Using a full bitfield to send a number like that is rather wasteful, and more importantly not error resistant; what happens if a glitch sets an extra bit?
It's probably as or more complex to check it's one-of-eight unique than to convert to binary and back?
As I have thought about this I am leaning to the timing method as some of the data will be interpreted as bit wise, the pump has 8 speeds that I use a byte to flag (0x80 is speed 8, 0x40 is speed 7...) and the same for valve commands. I am afraid if I convert to ASCII to transmit that I would have issues with the various commands
Why?, ASCII is easier, as RS232 is designed for ASCII. If you want to send 8 bit data, then simply detect the breaks in the data to signify the end of a packet. I would also suggest sending a unique marker to signify the start of a packet, and a different one for the end of a packet, so you can make sure that you've got a full packet.

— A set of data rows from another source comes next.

lemma branch_relabel:
  assumes lam: "lam \<in> genea s" and lam': "lam' \<in> genea (s + a)"
    and relabel: "\<And>u x \<nu>. s \<le> u \<Longrightarrow> \<nu> \<in> genea u \<Longrightarrow> take (s + 1) \<nu> = lam \<Longrightarrow>
       \<omega>' (u, x, \<nu>) = (fst (\<omega> (u + a, x + z, lam' @ drop (s + 1) \<nu>)) - z, snd (\<omega> (u + a, x + z, lam' @ drop (s + 1) \<nu>)))"
  shows "branch \<omega> (s + a) (w + z) lam' t = (\<lambda>(x, \<nu>). (x + z, lam' @ drop (s + 1) \<nu>)) ` branch \<omega>' s w lam t"
proof (induction t)
  case 0
  have "length lam = s + 1" using lam by (simp add: genea_def)
  then show ?case by simp
next
  case (Suc t)
  let ?g = "\<lambda>(x::int^'a, \<nu>::nat list). (x + z, lam' @ drop (s + 1) \<nu>)"
  have "branch_step \<omega> (s + a + t) (?g p) = ?g ` branch_step \<omega>' (s + t) p" if p: "p \<in> branch \<omega>' s w lam t" for p
  proof -
    obtain x \<nu> where pp: "p = (x, \<nu>)" by (cases p)
    have \<nu>: "\<nu> \<in> genea (s + t)" "take (s + 1) \<nu> = lam" using branch_genea[OF lam p] pp by auto
    have len: "length \<nu> = s + t + 1" using \<nu> by (simp add: genea_def)
    define \<nu>' where "\<nu>' = lam' @ drop (s + 1) \<nu>"
    have \<nu>': "\<nu>' \<in> genea (s + a + t)" unfolding \<nu>'_def by (rule genea_append_drop[OF lam' \<nu>(1)])
    have \<omega>': "\<omega>' (s + t, x, \<nu>) = (fst (\<omega> (s + a + t, x + z, \<nu>')) - z, snd (\<omega> (s + a + t, x + z, \<nu>')))"
      using relabel[of "s + t" \<nu> x] \<nu> unfolding \<nu>'_def by (simp add: add_ac)
    have "branch_step \<omega> (s + a + t) (x + z, \<nu>') = ?g ` branch_step \<omega>' (s + t) (x, \<nu>)"
      unfolding branch_step_eq_image[OF \<nu>(1)] branch_step_eq_image[OF \<nu>'] \<omega>'
      by (simp add: image_image \<nu>'_def len)
    then show ?thesis unfolding pp \<nu>'_def by simp
  qed
  then have "(\<Union>p\<in>branch \<omega>' s w lam t. branch_step \<omega> (s + a + t) (?g p))
      = (\<Union>p\<in>branch \<omega>' s w lam t. ?g ` branch_step \<omega>' (s + t) p)"
    by (intro SUP_cong) auto
  then show ?case
    unfolding branch_Suc_step Suc.IH by (simp add: image_UN)
qed

lemma Bstar_loc_eq:
  assumes s: "1 \<le> s" and lam: "lam \<in> genea ((s - 1) * T)"
  shows "Bstar_loc \<omega> \<theta> T s lam =
    {\<nu>. (lattice_pt \<theta> (s * T), \<nu>) \<in> branch \<omega> ((s - 1) * T) (lattice_pt \<theta> ((s - 1) * T)) lam T}"
proof -
  have "s * T = (s - 1) * T + T" using s by (cases s) auto
  then show ?thesis unfolding Bstar_loc_def using branch_genea[OF lam] by fastforce
qed

lemma Bstar_loc_restrict:
  assumes lam: "lam \<in> genea ((s - 1) * T)"
    and K: "\<And>u x \<nu>. (s - 1) * T \<le> u \<Longrightarrow> u < (s - 1) * T + T \<Longrightarrow> \<nu> \<in> genea u
      \<Longrightarrow> take ((s - 1) * T + 1) \<nu> = lam \<Longrightarrow> (u, x, \<nu>) \<in> K"
  shows "Bstar_loc (restrict \<omega> K) \<theta> T s lam = Bstar_loc \<omega> \<theta> T s lam"
  unfolding Bstar_loc_def by (subst branch_cong_local[OF lam, where \<omega>'=\<omega>]) (auto simp: K)

lemma measurable_component_total:
  assumes "\<And>j. j \<in> J \<Longrightarrow> sets (M j) = sets N" and "space N = UNIV"
  shows "(\<lambda>\<omega>. \<omega> i) \<in> measurable (PiM J M) N"
proof (cases "i \<in> J")
  case True
  then have "(\<lambda>\<omega>. \<omega> i) \<in> measurable (PiM J M) (M i)" by (rule measurable_component_singleton)
  moreover have "measurable (PiM J M) (M i) = measurable (PiM J M) N"
    by (rule measurable_cong_sets) (simp_all add: assms(1)[OF True])
  ultimately show ?thesis by simp
next
  case False
  then have "\<omega> i = undefined" if "\<omega> \<in> space (PiM J M)" for \<omega>
    using that by (auto simp: space_PiM PiE_def extensional_def)
  then show ?thesis
    by (subst measurable_cong[where g="\<lambda>_. undefined"]) (auto simp: assms(2))
qed

lemma measurable_Un_finite:
  fixes f g :: "'a \<Rightarrow> 'b::countable set"
  assumes f: "f \<in> measurable M (count_space (Collect finite))"
    and g: "g \<in> measurable M (count_space (Collect finite))"
  shows "(\<lambda>x. f x \<union> g x) \<in> measurable M (count_space (Collect finite))"
proof (rule measurable_compose_countable'[where f="\<lambda>a x. a \<union> g x", OF _ f countable_Collect_finite])
  fix a :: "'b set" assume "a \<in> Collect finite"
  then have "(\<lambda>b. a \<union> b) \<in> measurable (count_space (Collect finite)) (count_space (Collect finite))"
    by auto
  from measurable_compose[OF g this] show "(\<lambda>x. a \<union> g x) \<in> measurable M (count_space (Collect finite))" .
qed
text \<open>(w, wt, g0) is a run of Algorithm 1 (no termination test) started at w 0:
  w j are the outer iterates, wt j i = w^{j,i} (i \<ge> 1) the inner trial points,
  g0 j = gamma_j^0.  Constraints are imposed only on quantities actually computed.\<close>
definition alg_run ::
  "('a::euclidean_space \<Rightarrow> real) \<Rightarrow> ('a \<Rightarrow> 'a) \<Rightarrow> 'a set \<Rightarrow> real \<Rightarrow> real \<Rightarrow> real \<Rightarrow> real \<Rightarrow> nat
   \<Rightarrow> (nat \<Rightarrow> 'a) \<Rightarrow> (nat \<Rightarrow> nat \<Rightarrow> 'a) \<Rightarrow> (nat \<Rightarrow> real) \<Rightarrow> bool" where
  "alg_run \<phi> grad D \<tau> \<sigma> gmin gmax m w wt g0 \<longleftrightarrow>
     w 0 \<in> D \<and>
     (\<forall>j. reached \<phi> grad \<sigma> m w wt j \<longrightarrow>
        g0 j \<in> {gmin..gmax} \<and>
        (\<forall>i\<ge>1. (\<forall>i'. 1 \<le> i' \<and> i' < i \<longrightarrow> \<not> accepted \<phi> grad \<sigma> m w wt j i') \<longrightarrow>
                 solves_Q \<phi> grad D (w j) (gam \<tau> g0 j i) (wt j i)) \<and>
        (inner_terminates \<phi> grad \<sigma> m w wt j \<longrightarrow>
           w (Suc j) = wt j (inner_index \<phi> grad \<sigma> m w wt j)))"

end

theory Submission
  imports Defs
begin

(*
  A trial point w^{j,i} is a projection onto D of the gradient step
  w^j - grad phi(w^j) / gamma_{j,i}, so gamma_{j,i} (w^j - w^{j,i}) - grad phi(w^j) is a
  proximal normal to D at w^{j,i}. Whenever such points converge to some w while the scaled
  steps gamma_{j,i} (w^{j,i} - w^j) tend to 0, these normals converge to - grad phi(w), so w
  is M-stationary. Scaled steps are controlled through rejections: by the mean value theorem
  a rejected trial point satisfies
    (1 - sigma) gamma_{j,i} |w^{j,i} - w^j| <= 2 |grad phi(xi) - grad phi(w^j)|
  for some xi between the two points, so short rejected steps have short scaled steps.

  In a stalled inner loop gamma_{j,i} grows geometrically and the trial steps shrink like
  1 / gamma_{j,i}. If all inner loops terminate, acceptance gives the sufficient decrease
    phi(w^{j+1}) <= max_{r <= m} phi(w^{j-r}) - sigma gmin / 2 |w^{j+1} - w^j|^2,
  so the window maxima decrease, the iterates stay in the compact sublevel set, and the
  argument of Grippo, Lampariello and Lucidi shows that the steps tend to 0. If the scaled
  steps did not, then along a subsequence the accepted parameters would be large, hence
  obtained by increasing a rejected one, whose step would then be short while its scaled
  step stays away from 0.
*)

section \<open>The subproblem\<close>

lemma proj_of_segment_point:
  fixes D :: "'a::euclidean_space set"
  assumes z: "z \<in> proj D y" and t: "0 < t" "t \<le> 1"
  shows "z \<in> proj D (z + t *\<^sub>R (y - z))"
proof -
  let ?x = "z + t *\<^sub>R (y - z)"
  have "dist ?x z \<le> dist ?x u" if u: "u \<in> D" for u
  proof -
    have "y - ?x = (1 - t) *\<^sub>R (y - z)" by (simp add: algebra_simps)
    then have "dist y ?x = (1 - t) * dist y z" using t by (simp add: dist_norm)
    moreover have "dist ?x z = t * dist y z" using t by (simp add: dist_norm)
    moreover have "dist y z \<le> dist y ?x + dist ?x u"
      using z u dist_triangle[of y u ?x] unfolding proj_def by force
    ultimately show ?thesis by (simp add: algebra_simps)
  qed
  with z show ?thesis by (simp add: proj_def)
qed

lemma lim_normal_of_proj_seq:
  fixes D :: "'a::euclidean_space set"
  assumes z: "\<And>k. z k \<in> proj D (y k)" and c: "\<And>k. c k > 0"
    and z_lim: "z \<longlonglongrightarrow> wbar" and v_lim: "(\<lambda>k. c k *\<^sub>R (y k - z k)) \<longlonglongrightarrow> v"
  shows "v \<in> lim_normal D wbar"
proof -
  \<comment> \<open>The points y k need not converge, so replace them by points of the segments
    towards z k that still project onto z k but come within 1/(k+1) of it.\<close>
  define t where "t k = inverse (real (Suc k) * (1 + norm (y k - z k)))" for k
  define x where "x k = z k + t k *\<^sub>R (y k - z k)" for k
  have t_pos: "t k > 0" for k by (simp add: t_def add_pos_nonneg)
  have t_le_1: "t k \<le> 1" for k
  proof -
    have "1 \<le> real (Suc k) * (1 + norm (y k - z k))"
      using mult_mono[of 1 "real (Suc k)" 1 "1 + norm (y k - z k)"] by simp
    then show ?thesis unfolding t_def by (meson inverse_le_1_iff)
  qed
  have "norm (t k *\<^sub>R (y k - z k)) \<le> inverse (real (Suc k))" for k
  proof -
    have "norm (t k *\<^sub>R (y k - z k)) = norm (y k - z k) / (real (Suc k) * (1 + norm (y k - z k)))"
      using t_pos[of k] by (simp add: t_def divide_inverse)
    also have "\<dots> \<le> (1 + norm (y k - z k)) / (real (Suc k) * (1 + norm (y k - z k)))"
      by (intro divide_right_mono) (auto simp: add_pos_nonneg)
    also have "\<dots> = inverse (real (Suc k))"
    proof -
      have "1 + norm (y k - z k) > 0" by (simp add: add_pos_nonneg)
      then show ?thesis by (simp add: divide_inverse)
    qed
    finally show ?thesis .
  qed
  then have "(\<lambda>k. t k *\<^sub>R (y k - z k)) \<longlonglongrightarrow> 0"
    by (intro Lim_null_comparison[OF _ LIMSEQ_inverse_real_of_nat]) auto
  then have x_lim: "x \<longlonglongrightarrow> wbar"
    unfolding x_def using tendsto_add[OF z_lim] by fastforce
  have "c k *\<^sub>R (y k - z k) \<in> proj_cone D (x k)" for k
  proof -
    have "c k *\<^sub>R (y k - z k) = (c k / t k) *\<^sub>R (x k - z k)"
      using t_pos[of k] by (simp add: x_def)
    moreover have "z k \<in> proj D (x k)"
      unfolding x_def by (rule proj_of_segment_point[OF z t_pos t_le_1])
    moreover have "c k / t k \<ge> 0" using c[of k] t_pos[of k] by simp
    ultimately show ?thesis unfolding proj_cone_def by blast
  qed
  then show ?thesis unfolding lim_normal_def using x_lim v_lim by blast
qed
(* There is an algorithm which, given as input an automatic structure for a semigroup $S$ (without an assignment of generators), decides whether $S$ is right cancellative.
   Context: Let $A$ be a finite alphabet, $\$ \notin A$, and let $\delta$ send a pair of words over $A$ to the word over $(A\cup\{\$\})\times(A\cup\{\$\})$ obtained by padding the shorter word on the right with $\$$ and reading both letter by letter. A synchronous automaton recognises a relation $R$ if it accepts exactly $\delta(R)$. A pre-automatic structure $\Gamma$ consists of a finite alphabet $A$, a finite automaton recognising $L\subseteq A^*$, a synchronous automaton recognising $L_=\subseteq L\times L$, and for each $a\in A$ a synchronous automaton recognising $L_a\subseteq L\times L$. An interpretation with respect to a semigroup $S$ is a morphism $\sigma:A^*\to S$ with $\sigma(L)=S$ such that for $u,v\in L$: $(u,v)\in L_=$ iff $\sigma(u)=\sigma(v)$, and $(u,v)\in L_a$ iff $\sigma(ua)=\sigma(v)$. $\Gamma$ is an automatic structure for $S$ if it admits an interpretation with respect to $S$; it is input to an algorithm as its finite collection of automata. A semigroup is right cancellative if $xs=ys$ implies $x=y$ for all $x,y,s$. *)

theory Defs
  imports Main "HOL-Library.Nat_Bijection"
begin
definition R2 :: "nat \<Rightarrow> complex \<Rightarrow> complex \<Rightarrow> complex \<Rightarrow> cmat" where
  "R2 p \<rho> \<sigma> \<tau> = (let u = uu p in
     vector [vector [cnj u, 0, 0],
             vector [- u * cnj \<rho>, u^2, \<sigma>],
             vector [0, 0, cnj u]])"

definition R3 :: "nat \<Rightarrow> complex \<Rightarrow> complex \<Rightarrow> complex \<Rightarrow> cmat" where
  "R3 p \<rho> \<sigma> \<tau> = (let u = uu p in
     vector [vector [cnj u, 0, 0],
             vector [0, cnj u, 0],
             vector [\<tau>, - u * cnj \<sigma>, u^2]])"

inductive_set gen_grp :: "cmat set \<Rightarrow> cmat set" for S where
  gen_one: "mat 1 \<in> gen_grp S"
| gen_elem: "g \<in> S \<Longrightarrow> g \<in> gen_grp S"
| gen_inv: "g \<in> S \<Longrightarrow> matrix_inv g \<in> gen_grp S"
| gen_mult: "a \<in> gen_grp S \<Longrightarrow> b \<in> gen_grp S \<Longrightarrow> a ** b \<in> gen_grp S"

definition TGroup :: "nat \<Rightarrow> complex \<Rightarrow> complex \<Rightarrow> complex \<Rightarrow> cmat set" where
  "TGroup p \<rho> \<sigma> \<tau> = gen_grp {R1 p \<rho> \<sigma> \<tau>, R2 p \<rho> \<sigma> \<tau>, R3 p \<rho> \<sigma> \<tau>}"

text \<open>Mirror of g in complex hyperbolic space, as the cone of negative vectors X whose
  projective class [X] is fixed by g (for a complex reflection this is the fixed complex line).\<close>
definition mirror :: "cmat \<Rightarrow> cmat \<Rightarrow> cvec set" where
  "mirror H g = {X. Re (hform H X X) < 0 \<and> (\<exists>c. g *v X = c *s X)}"

text \<open>Setwise stabilizer of a (scaling-invariant) set of vectors, i.e. of the corresponding
  set of points of the projective ball.\<close>
definition Stab :: "cmat set \<Rightarrow> cvec set \<Rightarrow> cmat set" where
  "Stab \<Gamma> M = {g \<in> \<Gamma>. (\<lambda>X. g *v X) ` M = M}"

definition rhoS2 :: complex where
  "rhoS2 = 1 + ((-1 + \<i> * sqrt 3) / 2) * ((1 + sqrt 5) / 2)"

end

(* An element of Gamma commuting with a complex reflection R maps the mirror of R onto itself, so
   it suffices to write R1, R2, R3 as products of elements of Gamma commuting with R1 or with A.
   Such elements are R1, y = R2 R3 R2^-1 R1 R3^-1 R2 R3 R1 R2 R1 R3 and y^-1 (commuting with R1),
   and x = R3^-1 R2^-1 R3 and x^-1 (commuting with A); indeed

     R3 = R1^-1 x y x^-1 y^-1 x^-1 R1   and   R2 = R3 x^-1 R3^-1.

   The commutations and the identity for R3 are checked by exact computation: all matrix entries
   lie in Z[zeta12, golden_ratio] (p = 4) or in Z[zeta5, omega] (p = 5), both of the form Z[x, y]
   with x quartic and y quadratic over Z, so matrices can be multiplied on integer coordinates. *)

theory Submission
  imports Defs
begin

lemma invertible_matrix_inv_mult:
  assumes "invertible A"
  shows "A ** matrix_inv A = mat 1" and "matrix_inv A ** A = mat 1"
  using someI_ex[OF assms[unfolded invertible_def]] unfolding matrix_inv_def by blast+

lemma matrix_inv_eq:
  fixes A B :: "'a::field^'n^'n"
  assumes "A ** B = mat 1"
  shows "matrix_inv A = B"
proof -
  have "B ** A = mat 1"
    using assms matrix_left_right_inverse by blast
  with assms have "invertible A"
    unfolding invertible_def by blast
  have "matrix_inv A = matrix_inv A ** (A ** B)"
    using assms by simp
  also have "\<dots> = B"
    using invertible_matrix_inv_mult(2)[OF \<open>invertible A\<close>] by (simp add: matrix_mul_assoc)
  finally show ?thesis .
qed

lemma invertible_matrix_inv:
  fixes A :: "'a::field^'n^'n"
  shows "invertible A \<Longrightarrow> invertible (matrix_inv A)"
  using invertible_matrix_inv_mult unfolding invertible_def by blast

lemma matrix_inv_matrix_inv:
  fixes A :: "'a::field^'n^'n"
  shows "invertible A \<Longrightarrow> matrix_inv (matrix_inv A) = A"
  by (rule matrix_inv_eq) (rule invertible_matrix_inv_mult(2))

lemma matrix_inv_mult:
  fixes A B :: "'a::field^'n^'n"
  assumes "invertible A" and "invertible B"
  shows "matrix_inv (A ** B) = matrix_inv B ** matrix_inv A"
proof (rule matrix_inv_eq)
  have "A ** B ** (matrix_inv B ** matrix_inv A) = A ** (B ** matrix_inv B) ** matrix_inv A"
    by (simp add: matrix_mul_assoc)
  then show "A ** B ** (matrix_inv B ** matrix_inv A) = mat 1"
    using assms by (simp add: invertible_matrix_inv_mult)
qed

lemma matrix_inv_commute:
  fixes A R :: "'a::field^'n^'n"
  assumes "invertible A" and "A ** R = R ** A"
  shows "matrix_inv A ** R = R ** matrix_inv A"
proof -
  note inv = invertible_matrix_inv_mult[OF assms(1)]
  have "matrix_inv A ** R = matrix_inv A ** R ** (A ** matrix_inv A)"
    using inv by simp
  also have "\<dots> = matrix_inv A ** (A ** R) ** matrix_inv A"
    using assms(2) by (simp add: matrix_mul_assoc)
  also have "\<dots> = R ** matrix_inv A"
    by (metis inv(2) matrix_mul_assoc matrix_mul_lid)
  finally show ?thesis .
qed

definition cnj_transpose :: "complex^'n^'m \<Rightarrow> complex^'m^'n" where
  "cnj_transpose A = (\<chi> i j. cnj (A $ j $ i))"

lemma cnj_transpose_mult: "cnj_transpose (A ** B) = cnj_transpose B ** cnj_transpose A"
  by (simp add: cnj_transpose_def vec_eq_iff matrix_matrix_mult_def cnj_sum mult.commute)

lemma cnj_transpose_mat_1: "cnj_transpose (mat 1) = mat 1"
  by (simp add: cnj_transpose_def vec_eq_iff mat_def)

definition unitary_wrt :: "complex^'n^'n \<Rightarrow> complex^'n^'n \<Rightarrow> bool" where
  "unitary_wrt H g \<longleftrightarrow> cnj_transpose g ** H ** g = H"

lemma unitary_wrt_mult:
  assumes "unitary_wrt H a" and "unitary_wrt H b"
  shows "unitary_wrt H (a ** b)"
proof -
  have "cnj_transpose (a ** b) ** H ** (a ** b) = cnj_transpose b ** (cnj_transpose a ** H ** a) ** b"
    by (simp add: cnj_transpose_mult matrix_mul_assoc)
  then show ?thesis
    using assms by (simp add: unitary_wrt_def)
qed

lemma unitary_wrt_matrix_inv:
  assumes "invertible g" and "unitary_wrt H g"
  shows "unitary_wrt H (matrix_inv g)"
proof -
  let ?g' = "matrix_inv g"
  have "cnj_transpose ?g' ** H ** ?g' = cnj_transpose ?g' ** (cnj_transpose g ** H ** g) ** ?g'"
    using assms(2) by (simp add: unitary_wrt_def)
  also have "\<dots> = cnj_transpose (g ** ?g') ** H ** (g ** ?g')"
    by (simp add: cnj_transpose_mult matrix_mul_assoc)
  finally show ?thesis
    using assms(1) by (simp add: unitary_wrt_def invertible_matrix_inv_mult cnj_transpose_mat_1)
qed

lemma hform_unitary:
  assumes "unitary_wrt H g"
  shows "hform H (g *v X) (g *v X) = hform H X X"
proof -
  have "hform H (g *v X) (g *v Y) = hform (cnj_transpose g ** H ** g) X Y" for X Y
    unfolding hform_def matrix_vector_mult_def matrix_matrix_mult_def cnj_transpose_def
    by (simp add: sum_3 algebra_simps)
  then show ?thesis
    using assms by (simp add: unitary_wrt_def)
qed

lemma invertible_gen_grp:
  assumes "\<And>s. s \<in> S \<Longrightarrow> invertible s" and "g \<in> gen_grp S"
  shows "invertible g"
  using assms(2)
proof induction
  case gen_one
  show ?case by (metis invertible_def matrix_mul_lid)
qed (auto intro: assms(1) invertible_matrix_inv invertible_mult)

lemma matrix_inv_gen_grp:
  assumes "\<And>s. s \<in> S \<Longrightarrow> invertible s" and "g \<in> gen_grp S"
  shows "matrix_inv g \<in> gen_grp S"
  using assms(2)
proof induction
  case gen_one
  have "matrix_inv (mat 1 :: cmat) = mat 1"
    by (rule matrix_inv_eq) simp
  then show ?case by (simp add: gen_grp.gen_one)
next
  case (gen_elem g)
  then show ?case by (rule gen_grp.gen_inv)
next
  case (gen_inv g)
  then show ?case by (simp add: assms(1) matrix_inv_matrix_inv gen_grp.gen_elem)
next
  case (gen_mult a b)
  then show ?case
    using invertible_gen_grp[OF assms(1)] by (simp add: matrix_inv_mult gen_grp.gen_mult)
qed

lemma gen_grp_subset:
  assumes "T \<subseteq> gen_grp S" and "\<And>t. t \<in> T \<Longrightarrow> matrix_inv t \<in> gen_grp S"
  shows "gen_grp T \<subseteq> gen_grp S"
proof
  fix g assume "g \<in> gen_grp T"
  then show "g \<in> gen_grp S"
    by induction (use assms in \<open>auto intro: gen_grp.intros\<close>)
qed

lemma gen_grp_eqI:
  assumes "\<And>s. s \<in> S \<Longrightarrow> invertible s" and "T \<subseteq> gen_grp S" and "S \<subseteq> gen_grp T"
  shows "gen_grp T = gen_grp S"
proof
  show "gen_grp T \<subseteq> gen_grp S"
    by (rule gen_grp_subset) (use assms(2) matrix_inv_gen_grp[OF assms(1)] in blast)+
  have T_invertible: "t \<in> T \<Longrightarrow> invertible t" for t
    using assms(1,2) invertible_gen_grp by blast
  show "gen_grp S \<subseteq> gen_grp T"
    by (rule gen_grp_subset) (use assms(3) matrix_inv_gen_grp[OF T_invertible] in blast)+
qed

lemma unitary_wrt_gen_grp:
  assumes "\<And>s. s \<in> S \<Longrightarrow> invertible s \<and> unitary_wrt H s" and "g \<in> gen_grp S"
  shows "unitary_wrt H g"
  using assms(2)
proof induction
  case gen_one
  show ?case by (simp add: unitary_wrt_def cnj_transpose_mat_1)
qed (auto simp: assms unitary_wrt_mult unitary_wrt_matrix_inv)

section \<open>Mirrors and their stabilisers\<close>

lemma mirror_image_subset:
  assumes "unitary_wrt H g" and "g ** R = R ** g"
  shows "(\<lambda>X. g *v X) ` mirror H R \<subseteq> mirror H R"
proof clarify
  fix X assume "X \<in> mirror H R"
  then obtain c where neg: "Re (hform H X X) < 0" and "R *v X = c *s X"
    unfolding mirror_def by blast
  then have "R *v (g *v X) = c *s (g *v X)"
    using assms(2) by (metis matrix_vector_mul_assoc vector_scalar_commute)
  then show "g *v X \<in> mirror H R"
    using neg hform_unitary[OF assms(1)] unfolding mirror_def by auto
qed

lemma commuting_in_Stab_mirror:
  assumes "g \<in> \<Gamma>" and "invertible g" and "unitary_wrt H g" and "g ** R = R ** g"
  shows "g \<in> Stab \<Gamma> (mirror H R)"
proof -
  let ?g' = "matrix_inv g"
  have "?g' *v X \<in> mirror H R" if "X \<in> mirror H R" for X
    using mirror_image_subset[OF unitary_wrt_matrix_inv matrix_inv_commute] assms that by blast
  moreover have "X = g *v (?g' *v X)" for X
    using assms(2) by (simp add: matrix_vector_mul_assoc invertible_matrix_inv_mult)
  ultimately have "mirror H R \<subseteq> (\<lambda>X. g *v X) ` mirror H R"
    by blast
  with mirror_image_subset[OF assms(3,4)] show ?thesis
    using assms(1) unfolding Stab_def by blast
qed

definition omega :: complex where
  "omega = exp (2 * pi * \<i> / 3)"

definition zeta5 :: complex where
  "zeta5 = exp (2 * pi * \<i> / 5)"

definition golden_ratio :: complex where
  "golden_ratio = (1 + sqrt 5) / 2"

But ASCII makes life so much easier, simply detect the end of the packet (CR/LF), copy the buffer to a string and check for the valid commands - it also makes it much easier to debug, as you simply display the data in a comms program.
You could send a string like "speed=27, valve=4" - and then search for 'speed=' followed by 'valve=' - it also easily allows partial commands like just "speed=0" if you're not changing any of the valves at that time.
Here's a live version from the lights on my drive
The first LDR readings are showing how dark it is, so I can adjust it from inside useing the SETLDR command, and is sent every 5 seconds. I typed the 'help' command, and it returns a list of the possible commands. The lights are controlled by an ESP32, via Alexa voice commands, or wireless remote control - including one in the car that's connected to the reversing lights, so the lights come on when I reverse on the drive - if it's dark enough.
17-LDR reading = 144
17-LDR reading = 144
17-help
17-Available commands.
17-Change LDR threshold - 'SETLDR=xxxx'
17-Display current LDR threshold - 'CURRLDR'
17-Change car delay time - 'SETDEL=xxxx'
17-Display car current delay time - 'CURRDEL'
17-Change home delay time - 'SETHOMEDEL=xxxx'
17-Display home current delay time - 'CURRHOMEDEL'
17-Change sequence time - 'SETSEQ=xxxx'
17-Display current sequence time - 'CURRSEQ'
17-Set LDR Send - 'LDRSEND= 0 or 1'
17-Display current LDRSEND - 'CURRLDRSEND'
17-Home setting - 'SETHOME=1 to 9'
17-Remote setting - 'SETREM=1 to 9'
17-Remote setting - '1 to 4' are individual lights
17-Remote setting - '5' is all lights
17-Remote setting - '6' is odd lights
17-Remote setting - '7' is even lights
17-Remote setting - '8' is 123 lights
17-Remote setting - '9' is 234 lights
17-Display current remote setting - 'CURRREM'
17-Display current home remote setting - 'CURRHOME'
17-Display all settings - 'CURRENT'
17-Force RESET on ESP32 - 'RESET'
17-Show this help - 'HELP'
As I've said all along - it's designed as a 7 bit system for ASCII data - trying to make it 8 bit messes everything up and requires different techniques.
It is traditionally an eight bit system; Seven bits plus parity when used for ASCII, rather than binary.
If not using parity, the eighth bit can be used for other signalling, or you can send formatted binary frames.